Even Herons Need to be Alone Sometimes
It’s been a week and change since I went to my tiny cabin by the river. Since my time there, I’ve doubled down on my early morning walks. Even on mornings when I have lots to do, I make time for my quiet walks, often in the cold dark early morning. I know that this quiet will nourish me for the day.
I’m back at work and preparing to go on another trip — first to my father-in-law’s memorial and then to visit my mother. The trip is sweetened by the fact that my daughter, who I haven’t seen in months, and her roommate will meet me there for a few days.
I feel some pressure to get everything done before I leave and I recognize that familiar feeling to start my work day earlier than normal. But I know that skipping my morning walk will not help things. It will make me resent the other hours of the day for having cheated myself of my morning quiet.
It used to be that I’d see a Great Blue Heron every time I walked in the mornings. I knew most of its resting spots along the lake. But it’s been a long time since I’ve seen one. Then last week my partner came home from an afternoon walk and told me she’d seen seven herons on the dock at the park.
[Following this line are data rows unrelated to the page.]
lemma tagged_division_open_intervals_disjoint:
  fixes c d :: real
  assumes "p tagged_division_of {c..d}" "i \<in> p" "j \<in> p" "i \<noteq> j"
  shows "{Inf (snd i)<..<Sup (snd i)} \<inter> {Inf (snd j)<..<Sup (snd j)} = {}"
  using tagged_division_ofD(5)[OF assms(1), of "fst i" "snd i" "fst j" "snd j"] assms
    tagged_division_of_real_intervalD(1)[OF assms(1), of "fst i" "snd i"]
    tagged_division_of_real_intervalD(1)[OF assms(1), of "fst j" "snd j"]
  by (metis interior_atLeastAtMost_real prod.collapse)

lemma tagged_division_sum_variation_le:
  fixes h :: "real \<Rightarrow> 'a::real_normed_vector"
  assumes cd: "c \<le> d" and p: "p tagged_division_of {c..d}" and "S \<subseteq> p" "e \<ge> 0"
    and local: "\<And>x K y. (x, K) \<in> S \<Longrightarrow> y \<in> K \<Longrightarrow> norm (h y - h x) \<le> e * \<bar>y - x\<bar>"
  shows "(\<Sum>(x, K)\<in>S. norm (h (Sup K) - h (Inf K))) \<le> e * (d - c)"
proof -
  note K = tagged_division_of_real_intervalD[OF p]
  have "(\<Sum>(x, K)\<in>S. norm (h (Sup K) - h (Inf K))) \<le> (\<Sum>(x, K)\<in>S. e * (Sup K - Inf K))"
  proof (rule sum_mono)
    fix xK
    assume "xK \<in> S"
    moreover obtain x K where [simp]: "xK = (x, K)" by fastforce
    ultimately have xK: "(x, K) \<in> S" "(x, K) \<in> p" using \<open>S \<subseteq> p\<close> by auto
    have "Sup K \<in> K" "Inf K \<in> K"
      using K(1)[OF xK(2)] K(6)[OF xK(2)] by (metis atLeastAtMost_iff order.refl)+
    then have "norm (h (Sup K) - h x) \<le> e * (Sup K - x)" "norm (h x - h (Inf K)) \<le> e * (x - Inf K)"
      using local[OF xK(1), of "Sup K"] local[OF xK(1), of "Inf K"] K(2,3)[OF xK(2)]
      by (simp_all add: norm_minus_commute)
    then show "(case xK of (x, K) \<Rightarrow> norm (h (Sup K) - h (Inf K))) \<le> (case xK of (x, K) \<Rightarrow> e * (Sup K - Inf K))"
      using norm_diff_triangle_le by (fastforce simp: algebra_simps)
  qed
  also have "\<dots> \<le> (\<Sum>(x, K)\<in>p. e * (Sup K - Inf K))"
    using tagged_division_ofD(1)[OF p] \<open>S \<subseteq> p\<close> \<open>e \<ge> 0\<close> K(6) by (intro sum_mono2) auto
  also have "\<dots> = e * (d - c)"
    using additive_tagged_division_1[OF cd p, of "\<lambda>x. x"]
    by (simp add: sum_distrib_left[symmetric] case_prod_unfold)
  finally show ?thesis .
qed
(* In the finite-sum setting, assume $f$ is convex and $L$-smooth with minimizer $x^\ast$, and that $\tilde\nabla_1$ satisfies the strong growth condition with constant $\rho_1\ge1$. Let $K\in\{1,\dots,N\}$, $\bar\rho_K:=\frac{\rho_1(N-K)+(K-1)N}{K(N-1)}$, and run SNAG with batch size $K$ and parameters $s=\frac{1}{L\bar\rho_K}$, $\eta_n=\frac{1}{L\bar\rho_K^2}\frac{n+1}2$, $\beta=1$, $\alpha_n=\frac{n^2/(n+1)}{2+n^2/(n+1)}$. Then, with $\Delta_K:=\frac{N-K}{N-1}+\frac N{\rho_1}\frac{K-1}{N-1}$, we have $\mathbb{E}[f(x_n)-f^\ast]\le\varepsilon$ as soon as the number of component-gradient evaluations $nK$ satisfies $$nK\ge\Delta_K\,\rho_1\sqrt{\frac{2L}{\varepsilon}}\|x_0-x^\ast\|.$$
   Context: Finite-sum setting: $N\ge2$, $f_i:\mathbb{R}^d\to\mathbb{R}$ continuously differentiable, $f=\frac1N\sum_if_i$, $f^\ast=\min f$. For $K\in\{1,\dots,N\}$, $B$ is a uniformly random subset of $\{1,\dots,N\}$ of size $K$ and $\tilde\nabla_K(x)=\frac1K\sum_{i\in B}\nabla f_i(x)$; each iteration with batch size $K$ evaluates $K$ gradients $\nabla f_i$. Strong growth condition with constant $\rho_K\ge 1$: $\mathbb{E}\|\tilde\nabla_K(x)\|^2\le\rho_K\|\nabla f(x)\|^2$ for all $x$. SNAG: $x_0=z_0$; $y_n=\alpha_nx_n+(1-\alpha_n)z_n$, $x_{n+1}=y_n-s\tilde\nabla_K(y_n)$, $z_{n+1}=\beta z_n+(1-\beta)y_n-\eta_n\tilde\nabla_K(y_n)$, same batch in both updates of an iteration, independent batches across iterations. *)

theory Defs
  imports "HOL-Analysis.Analysis" "HOL-Library.FuncSet"
begin

text \<open>Components are indexed by 0..N-1. g i is the gradient of the component f i.\<close>

definition full_obj :: "nat \<Rightarrow> (nat \<Rightarrow> 'a \<Rightarrow> real) \<Rightarrow> 'a \<Rightarrow> real" where
  "full_obj N f x = (1 / real N) * (\<Sum>i<N. f i x)"

definition full_grad :: "nat \<Rightarrow> (nat \<Rightarrow> 'a \<Rightarrow> 'a::real_vector) \<Rightarrow> 'a \<Rightarrow> 'a" where
  "full_grad N g x = (1 / real N) *\<^sub>R (\<Sum>i<N. g i x)"

text \<open>All subsets of {0..N-1} of size K (the support of the uniform batch distribution).\<close>
definition batches :: "nat \<Rightarrow> nat \<Rightarrow> nat set set" where
  "batches N K = {B. B \<subseteq> {..<N} \<and> card B = K}"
“WHAT?!” I exclaimed when she told me.
I was so excited to learn that the herons are back. I haven’t seen a heron in months. For much of my adult life, herons have represented a sign of stillness and calm to me. Seeing a heron is like a message from the universe to slow down and be still. Spending time with a heron reminds me that the world is much bigger than me, that I can stop moving as fast and I will still be okay.
On my next few morning walks I felt a sense of hopefulness that I’d start seeing herons again. I even changed the route I usually walk and made my way to the dock where my partner had spotted them a few days before. But there were no herons.
Then last Saturday, my partner and I went on an early morning walk to look at the beavers who like to travel from the park by our house to a lodge they’ve build by the marina across the lake. Early in the morning you can watch them making their way across the still lake. That vision is almost as wonderous as seeing a heron.
On our walk, we marveled at the adorable beavers and when “Beaver Rush Hour,” as my partner calls it, was over, we prepared to head home.
“Let’s go by the heron rookery and see if there are any herons,” my partner said. Because it was a weekend, I had no time limit on my morning so I agreed. Up the hill, away from the lake on a quiet residential street, there is a heron rookery. At the right time of year, which I now know is spring, the herons roost there. As we approached the rookery I saw, first from a distance, and then up close, dozens of nests and herons, resting in them.
I was, as I always am, struck by their gigantic elegance. As I stood in the woods below the rookery, I was awash in a feeling of majesty. From where we stood, we could see chicks alongside their mothers in some of the nests.
We watched as the mature herons took flight, circled the perimeter and came back to the rookery. My heart was full. I felt as though I’d been given an infusion of liquid grace, like I’d walked into a secret doorway of goodness and was coming out the other side.
I rode on the feeling of wonder all day. I shared what I’d seen with friends and felt a sense of comfort knowing the herons were there, roosting in stillness, just a few blocks from my house.
On Monday morning I went on my usual walk. I’d gone skiing the day before and my legs were sore and tired and I felt heavy as I made my way along the lake. Maybe because of the aches and pains in my body, or maybe because it was a Monday, the excitement to greet the day that I normally feel while walking was missing.
When I got to the inlet where I used to see my daily heron, I looked for one like I always do, but the space was empty. Then a vision of the rookery flashed in my mind. Even though I was heading in the opposite direction, if I hurried I could go back there and still get to work on time. It was only a few blocks out of the way.
I turned on my heels and made my way through the neighborhood, away from the lake, to the rookery. Minding my limited time, I walked quickly up the hill. I could see all the nests and the clusters of herons from a distance. But as I got closer to the rookery itself, I slowed my pace so I could walk while looking up and not trip. As I approached the end of the street I saw, above me, a lone heron resting in a tree next to a garage.
This heron was all by herself. No nest, no baby. She was closer to the ground than all of the other herons, distinctly out of the safety of the woods. There she was, my messenger.
“Hello,” I said under my breath, “did you need some time alone this morning?”
I stopped walking and stood beneath this beautiful creature. I was, again, filled with a sense of awe. Seeing this heron alone, while all her friends and family were doing their business a short flight away in the rookery, renewed and affirmed me in an even deeper way than seeing all of the herons a few days before.
“You’re like me,” I thought as I stared up at this heron, not wanting to lose sight of her even for a moment, “you just need to be alone sometimes.”